Each pain point maps to a feature section below. Fixing all three is what separates a demo gateway from an agent your org actually trusts on Friday deploys.
03 · Core concepts: Skills ≠ Prompts, Skills ≠ Memory
Hermes exposes three overlapping but distinct context channels. Conflating them is the most common architectural mistake we see in first deployments.
| Dimension | Plain Prompt | Memory | Skills |
|---|---|---|---|
| Persistence | Current chat only | Cross-session, permanent | Cross-session, permanent |
| Load timing | Always in context | Injected each session | On demand |
| Token cost | Every turn | Small, stable footprint | Zero until activated |
| Content type | Any intent text | User prefs / facts | Procedural steps |
| Shareability | Awkward | Private by default | Publishable as community Tap |
Mnemonic: Prompt = sticky note (valid this conversation). Memory = notebook on your desk (always nearby). Skill = SOP manual (pull from shelf when the task matches). For Cursor-specific parallels—Rules vs Skills vs MCP—see our 2026 Agent Skill complete guide.
04 · SKILL.md format deep dive (agentskills.io open standard)

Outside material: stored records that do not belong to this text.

text \<open>Inside the disc of convergence a gap series converges absolutely (compare with a
  geometric series at a slightly larger radius, using n k \<ge> k).\<close>
lemma gap_series_abs_summable:
  fixes a :: "nat \<Rightarrow> complex" and n :: "nat \<Rightarrow> nat"
  assumes mono: "strict_mono n" and conv: "\<forall>z\<in>ball 0 1. summable (\<lambda>k. a k * z ^ n k)"
    and z: "norm z < 1"
  shows "summable (\<lambda>k. norm (a k) * norm z ^ n k)"
proof -
  define r where "r = norm z"
  define \<rho> where "\<rho> = (1 + r) / 2"
  have r: "0 \<le> r" "r < \<rho>" "\<rho> < 1" using z unfolding r_def \<rho>_def by auto
  then have "summable (\<lambda>k. a k * complex_of_real \<rho> ^ n k)" using conv by simp
  then have "Bseq (\<lambda>k. a k * complex_of_real \<rho> ^ n k)"
    by (intro convergent_imp_Bseq) (auto simp: convergent_def dest: summable_LIMSEQ_zero)
  then obtain M where M: "\<forall>k. norm (a k * complex_of_real \<rho> ^ n k) \<le> M" by (auto elim: BseqE)
  define x where "x = r / \<rho>"
  have x: "0 \<le> x" "x < 1" unfolding x_def using r by auto
  have "summable (\<lambda>k. norm (a k) * r ^ n k)"
  proof (rule summable_comparison_test')
    show "summable (\<lambda>k. M * x ^ k)" using x by (intro summable_mult summable_geometric) simp
    fix k :: nat
    have "norm (norm (a k) * r ^ n k) = norm (a k) * \<rho> ^ n k * x ^ n k"
      unfolding x_def using r by (simp add: power_divide)
    also have "\<dots> \<le> M * x ^ n k"
      using M[rule_format, of k] x r by (intro mult_right_mono) (auto simp: norm_mult norm_power)
    also have "\<dots> \<le> M * x ^ k"
      using x order_trans[OF norm_ge_zero M[rule_format, of k]] seq_suble[OF mono, of k]
      by (intro mult_left_mono power_decreasing) auto
    finally show "norm (norm (a k) * r ^ n k) \<le> M * x ^ k" .
  qed
  then show ?thesis unfolding r_def .
qed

Every Hermes Skill follows the agentskills.io specification so the same folder works in Hermes, Claude Code, and Cursor without rewrite. That portability is strategic: author once, validate on a rented Mac, deploy to whichever agent your team standardizes on next quarter.
---
name: my-skill
description: |
Use when the user needs to [...].
Handles [...] and [...].
version: 1.0.0
license: MIT
compatibility: Requires git, docker
allowed-tools: Bash(git:*) Read
metadata:
hermes:
tags: [devops, automation]
category: software-development
related_skills: [github-pr-workflow, test-driven-development]
requires_toolsets: [terminal]
fallback_for_toolsets: [web]
---
# My Skill Title
## Overview
## When to Use
## Procedure
## Common Pitfalls
## Verification ChecklistCritical fields: name is required—lowercase letters and hyphens, max 64 characters. description is required—max 1024 characters—and should open with "Use when…" because Level 0 routing sees only name + description. Put Hermes-specific routing in metadata.hermes: tags, categories, toolset requirements, and fallback rules covered in section 07.
Modular directory layout
Keep the main file lean; push reference material into subfolders the agent loads only when executing.
~/.hermes/skills/
└── my-category/
└── my-skill/
├── SKILL.md # Main file (target ≤500 lines)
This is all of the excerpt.